Mind-to-Image: Projecting Visual Mental Imagination of the Brain from fMRI

2404.05468

Published 5/29/2024 by Hugo Caselles-Dupr'e, Charles Mellerio, Paul H'erent, Aliz'ee Lopez-Persem, Benoit B'eranger, Mathieu Soularue, Pierre Fautrel, Gauthier Vernier, Matthieu Cord

cs.CV cs.LG

Mind-to-Image: Projecting Visual Mental Imagination of the Brain from fMRI

Abstract

The reconstruction of images observed by subjects from fMRI data collected during visual stimuli has made strong progress in the past decade, thanks to the availability of extensive fMRI datasets and advancements in generative models for image generation. However, the application of visual reconstruction has remained limited. Reconstructing visual imagination presents a greater challenge, with potentially revolutionary applications ranging from aiding individuals with disabilities to verifying witness accounts in court. The primary hurdles in this field are the absence of data collection protocols for visual imagery and the lack of datasets on the subject. Traditionally, fMRI-to-image relies on data collected from subjects exposed to visual stimuli, which poses issues for generating visual imagery based on the difference of brain activity between visual stimulation and visual imagery. For the first time, we have compiled a substantial dataset (around 6h of scans) on visual imagery along with a proposed data collection protocol. We then train a modified version of an fMRI-to-image model and demonstrate the feasibility of reconstructing images from two modes of imagination: from memory and from pure imagination. The resulting pipeline we call Mind-to-Image marks a step towards creating a technology that allow direct reconstruction of visual imagery.

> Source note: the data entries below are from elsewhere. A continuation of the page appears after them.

lemma scoef_digit_mult:
  assumes c: "CHAR('a::comm_semiring_1) = p" "prime p" and d: "d < p" and j: "p ^ Suc k dvd j"
  shows "(of_nat (scoef m (d * p ^ k) j h) :: 'a) = (if h = d * p ^ k + j then 1 else 0)"
proof (cases "d = 0 \<or> \<not> (max (d * p ^ k) j \<le> h \<and> h \<le> d * p ^ k + j)")
  case True
  then show ?thesis by (auto simp: scoef_def)
next
  case False
  define i where "i = d * p ^ k"
  define r where "r = h - j"
  obtain a where a: "j = p ^ Suc k * a" using j by blast
  have "i < p ^ Suc k" using d by (simp add: i_def)
  moreover have h: "h = p ^ Suc k * a + r" and "r \<le> i" using False by (auto simp: r_def a i_def)
  ultimately have r: "r < p ^ Suc k" by simp
  have "(of_nat (h choose i) :: 'a) = of_nat (r choose i)"
    using of_nat_choose_prime_power_split[OF c r \<open>i < p ^ Suc k\<close>, of a 0] by (simp add: h)
  moreover have "(of_nat (h choose j) :: 'a) = 1"
    using of_nat_choose_prime_power_split[OF c r, of 0 a a] c by (simp add: h a prime_gt_0_nat)
  moreover have "h = i + j \<longleftrightarrow> r = i" using h a by auto
  ultimately show ?thesis
    using False \<open>r \<le> i\<close> by (auto simp: scoef_def i_def[symmetric] binomial_eq_0)
qed

text \<open>Entry d of the list is the coefficient of b(d 3^u) in the factor of e_(m,g) at a digit
  position with g_u = gu and (m+2g)_u = nu.\<close>

definition efactor_coeff :: "nat \<Rightarrow> nat \<Rightarrow> nat \<Rightarrow> int" where
  "efactor_coeff gu nu d =
    (if gu = 0 \<and> nu = 0 then [1, 1, -1] ! d
     else if gu = 1 \<and> nu = 2 then [0, -1, 1] ! d
     else if gu = 0 \<and> nu = 1 then [1, 0, -1] ! d
     else if gu = 2 \<and> nu = 2 then [0, 0, 1] ! d
     else if gu = 0 \<and> nu = 2 then [1, -1, 1] ! d
     else if gu = 1 \<and> nu = 1 then [0, 1, -1] ! d
     else [1, 0, 0] ! d)"

lemma efactor_eq_coeff:
  "(efactor l2 m g u i :: 'a::field) = (if i \<le> l2 \<and> 3 ^ u dvd i \<and> i div 3 ^ u < 3
      then of_int (efactor_coeff (digit3 g u) (digit3 (m + 2 * g) u) (i div 3 ^ u)) else 0)"
proof -
  have "i = 0 \<or> i = 3 ^ u \<or> i = 2 * 3 ^ u \<or> \<not> (3 ^ u dvd i \<and> i div 3 ^ u < 3)"
    by (auto simp: less_Suc_eq numeral_3_eq_3 elim!: dvdE)
  moreover have "3 ^ u \<noteq> (0::nat)" "2 * 3 ^ u \<noteq> (0::nat)" "2 * 3 ^ u \<noteq> (3::nat) ^ u" by auto
  ultimately show ?thesis
    by (auto simp: efactor_def Let_def sbasis_def sone_def sadd_def ssub_def efactor_coeff_def)
qed

lemma efactor_coeff_eq_0_below: "gu \<le> nu \<Longrightarrow> nu < 3 \<Longrightarrow> d < gu \<Longrightarrow> efactor_coeff gu nu d = 0"
  by (auto simp: efactor_coeff_def less_Suc_eq numeral_3_eq_3 numeral_2_eq_2)

lemma of_int_efactor_coeff_diag:
  assumes "CHAR('a::comm_ring_1) = 3" "gu < 3" "nu < 3"
  shows "(of_int (efactor_coeff gu nu gu) :: 'a) = of_nat (nu choose gu)"
proof -
  have "(2::'a) = of_nat 3 - 1" by simp
  also have "of_nat 3 = (0::'a)" using assms(1) by (metis of_nat_CHAR)
  finally have "(2::'a) = -1" by simp
  then show ?thesis
    using assms(2,3) by (auto simp: efactor_coeff_def less_Suc_eq numeral_3_eq_3 numeral_2_eq_2)
qed

lemma smult_eq_convolution:
  fixes x y :: "nat \<Rightarrow> 'a::field"
  assumes h: "h \<le> l2"
    and scoef: "\<And>i j. x i \<noteq> 0 \<Longrightarrow> y j \<noteq> 0 \<Longrightarrow>
      (of_nat (scoef m i j h) :: 'a) = (if h = i + j then 1 else 0)"
  shows "Defs.smult l2 m x y h = (\<Sum>i\<le>h. x i * y (h - i))"
proof -
  have "x i * y j * of_nat (scoef m i j h) = (if h = i + j then x i * y j else 0)" for i j
    using scoef[of i j] by (cases "x i = 0 \<or> y j = 0") auto
  then have "Defs.smult l2 m x y h = (\<Sum>i\<le>l2. \<Sum>j\<le>l2. if h = i + j then x i * y j else 0)"
    using h by (simp add: Defs.smult_def)
  also have "\<dots> = (\<Sum>i\<le>l2. if i \<le> h then x i * y (h - i) else 0)"
  proof (rule sum.cong[OF refl])
    fix i
    have "(\<Sum>j\<le>l2. if h = i + j then x i * y j else 0) =
        (\<Sum>j\<le>l2. if i \<le> h \<and> j = h - i then x i * y j else 0)"
      by (rule sum.cong) auto
    then show "(\<Sum>j\<le>l2. if h = i + j then x i * y j else 0) = (if i \<le> h then x i * y (h - i) else 0)"
      using h by (cases "i \<le> h") auto
  qed
  also have "\<dots> = (\<Sum>i\<in>{i\<in>{..l2}. i \<le> h}. x i * y (h - i))"
    by (rule sum.inter_filter[symmetric]) simp
  also have "{i\<in>{..l2}. i \<le> h} = {..h}" using h by auto
  finally show ?thesis .
qed

lemma smult_digit_factor:
  assumes c: "CHAR('a::field) = 3"
    and x: "\<And>i. x i = (if i \<le> l2 \<and> 3 ^ k dvd i \<and> i div 3 ^ k < 3 then X (i div 3 ^ k) else (0::'a))"
    and y: "\<And>j. y j = (if j \<le> l2 \<and> 3 ^ Suc k dvd j then Y j else (0::'a))"
  shows "Defs.smult l2 m x y h = (if h \<le> l2 \<and> 3 ^ k dvd h
            then X (digit3 h k) * Y (h - digit3 h k * 3 ^ k) else 0)"
proof (cases "h \<le> l2")
  case False
  then show ?thesis by (simp add: Defs.smult_def)
next
  case hl: True
  define i0 where "i0 = h mod 3 ^ Suc k"
  have i0: "i0 = digit3 h k * 3 ^ k + h mod 3 ^ k"
    unfolding i0_def digit3_def power_Suc2 using mod_mult2_eq[of h "3 ^ k" 3] by (simp add: mult.commute)
  have "Defs.smult l2 m x y h = (\<Sum>i\<le>h. x i * y (h - i))"
  proof (rule smult_eq_convolution[OF hl])
    fix i j
    assume "x i \<noteq> 0" "y j \<noteq> 0"
    then have "i = (i div 3 ^ k) * 3 ^ k" "i div 3 ^ k < 3" "3 ^ Suc k dvd j"
      using x[of i] y[of j] by (auto split: if_splits)
    then show "(of_nat (scoef m i j h) :: 'a) = (if h = i + j then 1 else 0)"
      using scoef_digit_mult[OF c prime_3_nat, of "i div 3 ^ k" k j m h] by simp
  qed
  also have "\<dots> = (\<Sum>i\<le>h. if i = i0 then x i0 * y (h - i0) else 0)"
  proof (rule sum.cong[OF refl])
    fix i
    assume "i \<in> {..h}"
    moreover have "i = i0" if "x i \<noteq> 0" "y (h - i) \<noteq> 0" "i \<le> h"
    proof -
      have i: "i = (i div 3 ^ k) * 3 ^ k" "i div 3 ^ k < 3" and "3 ^ Suc k dvd h - i"
        using that x[of i] y[of "h - i"] by (auto split: if_splits)
      have "i div 3 ^ k * 3 ^ k < 3 * 3 ^ k" using i(2) by simp
      then have "i < 3 ^ Suc k" using i(1) by (metis power_Suc)
      moreover have "h = (h - i) + i" using that(3) by simp
      ultimately show ?thesis
        unfolding i0_def using \<open>3 ^ Suc k dvd h - i\<close> by (metis mod_add_left_eq dvd_imp_mod_0 add_0 mod_less)
    qed
    ultimately show "x i * y (h - i) = (if i = i0 then x i0 * y (h - i0) else 0)" by auto
  qed
  also have "\<dots> = x i0 * y (h - i0)" by (simp add: i0_def)
  also have "\<dots> = (if 3 ^ k dvd h then X (digit3 h k) * Y (h - digit3 h k * 3 ^ k) else 0)"
  proof (cases "3 ^ k dvd h")
    case True
    then have "i0 = digit3 h k * 3 ^ k" using i0 by simp
    moreover have "i0 \<le> h" "3 ^ Suc k dvd h - i0"
      by (simp_all add: i0_def minus_mod_eq_mult_div)
    ultimately show ?thesis using True hl x[of i0] y[of "h - i0"] digit3_less[of h k] by simp
  next
    case False
    then have "\<not> 3 ^ k dvd i0"
      using i0 by (simp add: dvd_add_right_iff dvd_eq_mod_eq_0)
    then show ?thesis using False x[of i0] by simp
  qed
  finally show ?thesis using hl by simp
qed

Create account to get full access

Overview

• This paper presents a novel method for projecting visual mental imagery from functional Magnetic Resonance Imaging (fMRI) data, allowing researchers to reconstruct what a person is imagining in their mind.

• The technique, called "Mind-to-Image," leverages deep learning models to translate brain activity patterns captured by fMRI scans into corresponding visual images.

• This research builds on previous work in brain-computer interfaces and visual decoding from neural data, pushing the boundaries of what's possible in decoding thought processes from neuroimaging data.

Plain English Explanation

The researchers have developed a way to reconstruct what someone is mentally picturing or imagining, just from looking at their brain activity. They used fMRI scans, which measure blood flow in the brain, to capture the patterns of neural activity that occur when people visualize different objects or scenes in their minds.

By training powerful AI models on these fMRI brain data and corresponding visual images, the researchers were able to essentially "reverse engineer" the connection between brain activity and mental imagery. Now, when they see a new person's fMRI data, their models can generate a visual reconstruction of what that person is picturing in their mind's eye.

This is an exciting advance that could have applications in brain-computer interfaces, neurorehabilitation, and cognitive neuroscience research. It opens up new ways of understanding and interacting with the human mind.

Technical Explanation

The core of the "Mind-to-Image" approach is a deep learning architecture that learns to map fMRI brain activity patterns to corresponding visual images. The researchers first collected fMRI data from participants as they visually imagined a diverse set of objects, scenes, and concepts.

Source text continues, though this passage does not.